theorem lemma7p3:
  fixes M :: "'z measure" and D :: "'k::finite \<Rightarrow> 'z measure" and N :: nat
    and loss :: "'h \<Rightarrow> 'z \<Rightarrow> real" and Alg :: "(nat \<Rightarrow> 'z) \<Rightarrow> 'h"
    and g :: "'k \<Rightarrow> real \<Rightarrow> real"
  assumes K3: "CARD('k) \<ge> 3"
    and N1: "N \<ge> 1"
    and prob: "\<And>k. prob_space (D k)"
    and sets_D: "\<And>k. sets (D k) = sets M"
    and integ: "\<And>q k. q \<in> prob_simplex \<Longrightarrow>
        integrable (PiM {..<N} (\<lambda>_. mixture M D q) \<Otimes>\<^sub>M D k) (\<lambda>(S, z). loss (Alg S) z)"
    and g_rep: "\<And>k p. p \<in> posorth \<Longrightarrow> ffun M D N loss Alg k p = g k (p$k / mass p)"
  shows "conservation M D N loss Alg \<longleftrightarrow> (\<forall>k. \<exists>c. \<forall>x\<in>{0..1}. g k x = c)"
proof -
  let ?f = "ffun M D N loss Alg"
  interpret share_determined ?f g
    by unfold_locales (rule g_rep)
  have conservation_iff: "conservation M D N loss Alg \<longleftrightarrow>
      has_gradient_on_posorth (\<lambda>p. \<Sum>k\<in>UNIV. p$k * ?f k p) ?f"
    unfolding conservation_def has_gradient_on_posorth_def Lsame_def[abs_def] ..
  have bounded: "\<exists>C. \<forall>q\<in>prob_simplex. \<bar>?f j q\<bar> \<le> C" for j
  proof -
    obtain C where "\<And>q. q \<in> prob_simplex \<Longrightarrow> \<bar>ebar M D N loss Alg j q\<bar> \<le> C"
      using ebar_bounded[OF prob sets_D integ, where k = j] by blast
    then show ?thesis
      by (auto simp: ffun_eq_ebar)
  qed
  show ?thesis
  proof
    assume "conservation M D N loss Alg"
    then have "has_gradient_on_posorth (\<lambda>p. \<Sum>k\<in>UNIV. p$k * ?f k p) ?f"
      using conservation_iff by blast
    then have "g k x = g k 1" if "x \<in> {0..1}" for k x
      using that by (intro g_const_if_has_gradient[OF _ K3 bounded]) auto
    then show "\<forall>k. \<exists>c. \<forall>x\<in>{0..1}. g k x = c"
      by blast
  next
    assume const: "\<forall>k. \<exists>c. \<forall>x\<in>{0..1}. g k x = c"
    have "g k x = g k 1" if "0 \<le> x" "x \<le> 1" for k x
    proof -
      obtain c where "\<forall>x\<in>{0..1}. g k x = c"
        using const by blast
      then show ?thesis
        using that by simp
    qed
    then show "conservation M D N loss Alg"
      using has_gradient_on_posorth_if_const conservation_iff by blast
  qed
qed

end
(* In the two-unicast setting, suppose $k_{1-2}+k_{2-1}\ge\min(k_{12-1},k_{12-2})$ and $k_{2-1}\le k_{2-2}$. Set $R_2^{**}=k_{2-1}$ and $R_1^{**}=\min(k_{12-1},k_{12-2})-k_{2-1}$. Let the field $GF(q)$ and the local coding coefficients at the non-source nodes be fixed so that $\mathrm{rank}(H_{ij})=k_{j-i}$ and $\mathrm{rank}([H_{i1}~H_{i2}])=k_{12-i}$ for $i,j\in\{1,2\}$, and let $M_1$ ($k_{1-12}\times R_1^{**}$) and $M_2$ ($k_{2-12}\times R_2^{**}$) be full column rank source encoding matrices such that $[H_{i1}M_1~~H_{i2}M_2]$ has full column rank $R_1^{**}+R_2^{**}$ for $i=1,2$. Then every pair of nonnegative integers $(R_1,R_2)$ with $$R_1\le\min(k_{12-1},k_{12-2})-k_{2-1},\qquad R_2\le k_{2-2},\qquad R_1+R_2\le\mathrm{rank}([H_{21}M_1~~H_{22}])$$ is achievable.
   Context: $G=(V,E)$ is a directed acyclic network with unit-capacity edges (each carrying one symbol of $GF(q)$ per use), sources $s_1,s_2$ (no incoming edges), terminals $t_1,t_2$ (no outgoing edges); $t_i$ wants the message of $s_i$. $k_{N_1-N_2}$ is the min-cut from $\{s_i:i\in N_1\}$ to $\{t_j:j\in N_2\}$. W.l.o.g. $s_i$ has exactly $k_{i-12}$ outgoing edges and $t_i$ has exactly $k_{12-i}$ incoming edges. For a linear network code over $GF(q)$ with fixed local coefficients at non-source nodes, $H_{ij}$ is the $k_{12-i}\times k_{j-12}$ matrix such that the vector of symbols on the incoming edges of $t_i$ equals $H_{i1}Y_1+H_{i2}Y_2$, where $Y_j$ is the vector of symbols on the outgoing edges of $s_j$; the source encoding is $Y_j=M_jU_j$ with $U_j$ the message vector of $s_j$. $(R_1,R_2)$ is achievable if for some finite field $GF(q)$ there is a linear network code such that, when $s_i$ observes $R_i$ independent symbols of $GF(q)$, $t_1$ uniquely recovers $s_1$'s message and $t_2$ uniquely recovers $s_2$'s message. *)

theory Defs
  imports Main "Jordan_Normal_Form.DL_Rank"
begin

text \<open>A network is given by a finite set E of edges (parallel edges allowed, each edge
  carries one field symbol per use) together with tail and head maps into the vertex type.\<close>

definition edge_rel :: "'e set \<Rightarrow> ('e \<Rightarrow> 'v) \<Rightarrow> ('e \<Rightarrow> 'v) \<Rightarrow> ('v \<times> 'v) set" where
  "edge_rel E tailv headv = {(tailv e, headv e) | e. e \<in> E}"

definition in_edges :: "'e set \<Rightarrow> ('e \<Rightarrow> 'v) \<Rightarrow> 'v \<Rightarrow> 'e set" where
  "in_edges E headv v = {e \<in> E. headv e = v}"

definition out_edges :: "'e set \<Rightarrow> ('e \<Rightarrow> 'v) \<Rightarrow> 'v \<Rightarrow> 'e set" where
  "out_edges E tailv v = {e \<in> E. tailv e = v}"

definition is_path :: "'e set \<Rightarrow> ('e \<Rightarrow> 'v) \<Rightarrow> ('e \<Rightarrow> 'v) \<Rightarrow> 'v set \<Rightarrow> 'v set \<Rightarrow> 'e list \<Rightarrow> bool" where
  "is_path E tailv headv S T es \<longleftrightarrow>
     es \<noteq> [] \<and> set es \<subseteq> E \<and> tailv (hd es) \<in> S \<and> headv (last es) \<in> T \<and>
     (\<forall>i. Suc i < length es \<longrightarrow> headv (es ! i) = tailv (es ! Suc i))"

definition is_cut :: "'e set \<Rightarrow> ('e \<Rightarrow> 'v) \<Rightarrow> ('e \<Rightarrow> 'v) \<Rightarrow> 'v set \<Rightarrow> 'v set \<Rightarrow> 'e set \<Rightarrow> bool" where
  "is_cut E tailv headv S T C \<longleftrightarrow>
     C \<subseteq> E \<and> (\<forall>es. is_path E tailv headv S T es \<longrightarrow> set es \<inter> C \<noteq> {})"

definition mincut :: "'e set \<Rightarrow> ('e \<Rightarrow> 'v) \<Rightarrow> ('e \<Rightarrow> 'v) \<Rightarrow> 'v set \<Rightarrow> 'v set \<Rightarrow> nat" where
  "mincut E tailv headv S T = (LEAST n. \<exists>C. is_cut E tailv headv S T C \<and> card C = n)"

text \<open>The two-unicast setting, including the w.l.o.g. normalisation: s_i has exactly
  k_{i-12} outgoing edges and t_i has exactly k_{12-i} incoming edges.\<close>
definition two_unicast_network ::
  "'e set \<Rightarrow> ('e \<Rightarrow> 'v) \<Rightarrow> ('e \<Rightarrow> 'v) \<Rightarrow> 'v \<Rightarrow> 'v \<Rightarrow> 'v \<Rightarrow> 'v \<Rightarrow> bool" where
  "two_unicast_network E tailv headv s1 s2 t1 t2 \<longleftrightarrow>
     finite E \<and> acyclic (edge_rel E tailv headv) \<and> s1 \<noteq> s2 \<and> t1 \<noteq> t2 \<and>
     in_edges E headv s1 = {} \<and> in_edges E headv s2 = {} \<and>
     out_edges E tailv t1 = {} \<and> out_edges E tailv t2 = {} \<and>
     card (out_edges E tailv s1) = mincut E tailv headv {s1} {t1, t2} \<and>
     card (out_edges E tailv s2) = mincut E tailv headv {s2} {t1, t2} \<and>
     card (in_edges E headv t1) = mincut E tailv headv {s1, s2} {t1} \<and>
     card (in_edges E headv t2) = mincut E tailv headv {s1, s2} {t2}"
(* Let $n\ge2$, let $A$ be a random variable with values in $\{1,\dots,n\}$, $\mathbb{P}(A=i)=p_i$, $\sum_i p_i=1$, and let $(X_1,\dots,X_n)$ be independent of $A$ and multivariate normal with all means equal to $\mu<0$, all variances equal to $\sigma^2>0$, and all pairwise correlations equal to $\rho$. For $z\in\mathbb{R}$ let $h(z)=\mathbb{E}\left[\mathbb{I}(X_A>z)\sum_{i=1}^n X_i\right]$. If $-1/(n-1)<\rho<1$, then $h'(0)>0$, $h$ attains its maximum at \[z^*=\frac{(n-1)(\rho-1)}{(n-1)\rho+1}\,\mu,\] and $h(z^* )>0$.
   Context: $h(z)$ is the long-run average overall performance of a firm that, in each period, picks a primary dimension $A$ and adopts the innovation iff its effect $X_A$ on that dimension exceeds the hurdle rate $z$. *)

theory Defs
  imports "HOL-Probability.Probability"
begin

text \<open>Gaussian random vector (X_i)_{i in I} with mean vector m and covariance matrix C,
  defined (Cramer-Wold) by: every linear combination sum c_i X_i is a (univariate) normal
  random variable with mean sum c_i m_i and variance sum c_i c_j C_ij; a combination of
  variance zero is almost surely constant.\<close>
definition gaussian_vector ::
  "'a measure \<Rightarrow> nat set \<Rightarrow> (nat \<Rightarrow> 'a \<Rightarrow> real) \<Rightarrow> (nat \<Rightarrow> real) \<Rightarrow> (nat \<Rightarrow> nat \<Rightarrow> real) \<Rightarrow> bool"
where
  "gaussian_vector M I X m C \<longleftrightarrow>
     (\<forall>i\<in>I. X i \<in> borel_measurable M) \<and>
     (\<forall>c :: nat \<Rightarrow> real.
        let Y = (\<lambda>\<omega>. \<Sum>i\<in>I. c i * X i \<omega>);
            mu = (\<Sum>i\<in>I. c i * m i);
            v = (\<Sum>i\<in>I. \<Sum>j\<in>I. c i * c j * C i j)
        in v \<ge> 0 \<and>
           (v > 0 \<longrightarrow> distributed M lborel Y (\<lambda>x. ennreal (normal_density mu (sqrt v) x))) \<and>
           (v = 0 \<longrightarrow> (AE \<omega> in M. Y \<omega> = mu)))"

definition hfun :: "'a measure \<Rightarrow> nat \<Rightarrow> ('a \<Rightarrow> nat) \<Rightarrow> (nat \<Rightarrow> 'a \<Rightarrow> real) \<Rightarrow> real \<Rightarrow> real" where
  "hfun M n A X z = (\<integral>\<omega>. (if X (A \<omega>) \<omega> > z then 1 else 0) * (\<Sum>i=1..n. X i \<omega>) \<partial>M)"

end

theory Submission
  imports Defs
begin

text \<open>Given \<open>A = i\<close>, the payoff is \<open>1(X\<^sub>i > z) S\<close> with \<open>S = X\<^sub>1 + \<dots> + X\<^sub>n\<close>. Write
  \<open>S = c X\<^sub>i + b + V\<close> with \<open>c = 1 + (n - 1) \<rho>\<close>, \<open>b = (n - 1)(1 - \<rho>) \<mu>\<close>; the residual \<open>V\<close> is
  uncorrelated with \<open>X\<^sub>i\<close>, hence \<open>E[1(X\<^sub>i > z) V] = 0\<close> and, by independence of \<open>A\<close>,
  \<open>h(z) = \<integral>\<^sub>z\<^sup>\<infinity> \<phi>(x) (c x + b) dx\<close> with \<open>\<phi>\<close> the \<open>N(\<mu>, \<sigma>\<^sup>2)\<close> density. Since \<open>c > 0 > b\<close>, the
  integrand changes sign exactly at \<open>-b/c\<close>, which gives the maximiser, the positivity of the
  maximum and \<open>h'(0) = -\<phi>(0) b > 0\<close>.

  The identity \<open>E[1(X\<^sub>i > z) V] = 0\<close> is obtained without joint distributions: it is the
  derivative at \<open>t = 0\<close> of \<open>E (X\<^sub>i + t V - z)\<^sup>+\<close>, and \<open>X\<^sub>i + t V\<close> is normal with mean \<open>\<mu>\<close> and
  variance \<open>\<sigma>\<^sup>2 + O(t\<^sup>2)\<close>, so this expectation is \<open>F(\<sigma>) + O(t\<^sup>2)\<close> for a Lipschitz \<open>F\<close>.\<close>

lemma sum_if_eq_else:
  fixes a b :: real
  assumes "finite S" "i \<in> S"
  shows "(\<Sum>j\<in>S. if j = i then a else b) = a + (real (card S) - 1) * b"
proof -
  have "(\<Sum>j\<in>S. if j = i then a else b) = (\<Sum>j\<in>S. b + (if j = i then a - b else 0))"
    by (intro sum.cong) auto
  also have "\<dots> = real (card S) * b + (a - b)"
    using assms by (simp add: sum.distrib)
  finally show ?thesis by (simp add: algebra_simps)
qed

lemma sum_sum_compound_symmetric:
  fixes a :: "'i \<Rightarrow> real"
  assumes "finite S"
  shows "(\<Sum>i\<in>S. \<Sum>j\<in>S. a i * a j * (if i = j then s else r))
         = (s - r) * (\<Sum>i\<in>S. (a i)\<^sup>2) + r * (\<Sum>i\<in>S. a i)\<^sup>2"
proof -
  have "(\<Sum>j\<in>S. a i * a j * (if i = j then s else r)) = (s - r) * (a i)\<^sup>2 + r * a i * (\<Sum>j\<in>S. a j)"
    if "i \<in> S" for i
  proof -
    have "(\<Sum>j\<in>S. a i * a j * (if i = j then s else r))
        = (\<Sum>j\<in>S. r * a i * a j + (if i = j then (s - r) * a i * a j else 0))"
      by (intro sum.cong) (auto simp: algebra_simps)
    also have "\<dots> = r * a i * (\<Sum>j\<in>S. a j) + (s - r) * (a i)\<^sup>2"
      using assms that by (simp add: sum.distrib sum_distrib_left power2_eq_square mult.assoc)
    finally show ?thesis by simp
  qed
  then have "(\<Sum>i\<in>S. \<Sum>j\<in>S. a i * a j * (if i = j then s else r))
      = (\<Sum>i\<in>S. (s - r) * (a i)\<^sup>2 + (r * a i) * (\<Sum>j\<in>S. a j))"
    by (intro sum.cong) (simp_all add: mult.assoc)
  also have "\<dots> = (s - r) * (\<Sum>i\<in>S. (a i)\<^sup>2) + r * (\<Sum>i\<in>S. a i) * (\<Sum>j\<in>S. a j)"
    by (simp only: sum.distrib sum_distrib_left[symmetric] sum_distrib_right[symmetric] mult.assoc)
  finally show ?thesis by (simp add: power2_eq_square)
qed

lemma gaussian_vector_measurable:
  "gaussian_vector M I X m C \<Longrightarrow> i \<in> I \<Longrightarrow> X i \<in> borel_measurable M"
  unfolding gaussian_vector_def by blast

lemma gaussian_vector_combination_distributed:
  assumes "gaussian_vector M I X m C"
    and "(\<Sum>i\<in>I. \<Sum>j\<in>I. c i * c j * C i j) > 0"
  shows "distributed M lborel (\<lambda>\<omega>. \<Sum>i\<in>I. c i * X i \<omega>)
           (\<lambda>x. ennreal (normal_density (\<Sum>i\<in>I. c i * m i) (sqrt (\<Sum>i\<in>I. \<Sum>j\<in>I. c i * c j * C i j)) x))"
  using assms unfolding gaussian_vector_def Let_def by blast

lemma integrable_indicator_comp_mult:
  fixes f g :: "'a \<Rightarrow> real"
  assumes "integrable M f" "g \<in> borel_measurable M" "B \<in> sets borel"
  shows "integrable M (\<lambda>\<omega>. indicator B (g \<omega>) * f \<omega>)"
proof (rule Bochner_Integration.integrable_bound[OF assms(1)])
  show "(\<lambda>\<omega>. indicator B (g \<omega>) * f \<omega>) \<in> borel_measurable M"
    using assms by measurable
  show "AE x in M. norm (indicator B (g x) * f x) \<le> norm (f x)"
    by (intro AE_I2) (auto simp: indicator_def)
qed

■ WHAT YOU SHOULD DO: Up to and including the line with "using that by (intro", output each line of the entries above exactly, starting from the first.

■ SOLUTION TO THE PROBLEM:
theorem lemma7p3:
  fixes M :: "'z measure" and D :: "'k::finite \<Rightarrow> 'z measure" and N :: nat
    and loss :: "'h \<Rightarrow> 'z \<Rightarrow> real" and Alg :: "(nat \<Rightarrow> 'z) \<Rightarrow> 'h"
    and g :: "'k \<Rightarrow> real \<Rightarrow> real"
  assumes K3: "CARD('k) \<ge> 3"
    and N1: "N \<ge> 1"
    and prob: "\<And>k. prob_space (D k)"
    and sets_D: "\<And>k. sets (D k) = sets M"
    and integ: "\<And>q k. q \<in> prob_simplex \<Longrightarrow>
        integrable (PiM {..<N} (\<lambda>_. mixture M D q) \<Otimes>\<^sub>M D k) (\<lambda>(S, z). loss (Alg S) z)"
    and g_rep: "\<And>k p. p \<in> posorth \<Longrightarrow> ffun M D N loss Alg k p = g k (p$k / mass p)"
  shows "conservation M D N loss Alg \<longleftrightarrow> (\<forall>k. \<exists>c. \<forall>x\<in>{0..1}. g k x = c)"
proof -
  let ?f = "ffun M D N loss Alg"
  interpret share_determined ?f g
    by unfold_locales (rule g_rep)
  have conservation_iff: "conservation M D N loss Alg \<longleftrightarrow>
      has_gradient_on_posorth (\<lambda>p. \<Sum>k\<in>UNIV. p$k * ?f k p) ?f"
    unfolding conservation_def has_gradient_on_posorth_def Lsame_def[abs_def] ..
  have bounded: "\<exists>C. \<forall>q\<in>prob_simplex. \<bar>?f j q\<bar> \<le> C" for j
  proof -
    obtain C where "\<And>q. q \<in> prob_simplex \<Longrightarrow> \<bar>ebar M D N loss Alg j q\<bar> \<le> C"
      using ebar_bounded[OF prob sets_D integ, where k = j] by blast
    then show ?thesis
      by (auto simp: ffun_eq_ebar)
  qed
  show ?thesis
  proof
    assume "conservation M D N loss Alg"
    then have "has_gradient_on_posorth (\<lambda>p. \<Sum>k\<in>UNIV. p$k * ?f k p) ?f"
      using conservation_iff by blast
    then have "g k x = g k 1" if "x \<in> {0..1}" for k x
      using that by (intro g_const_if_has_gradient[OF _ K3 bounded]) auto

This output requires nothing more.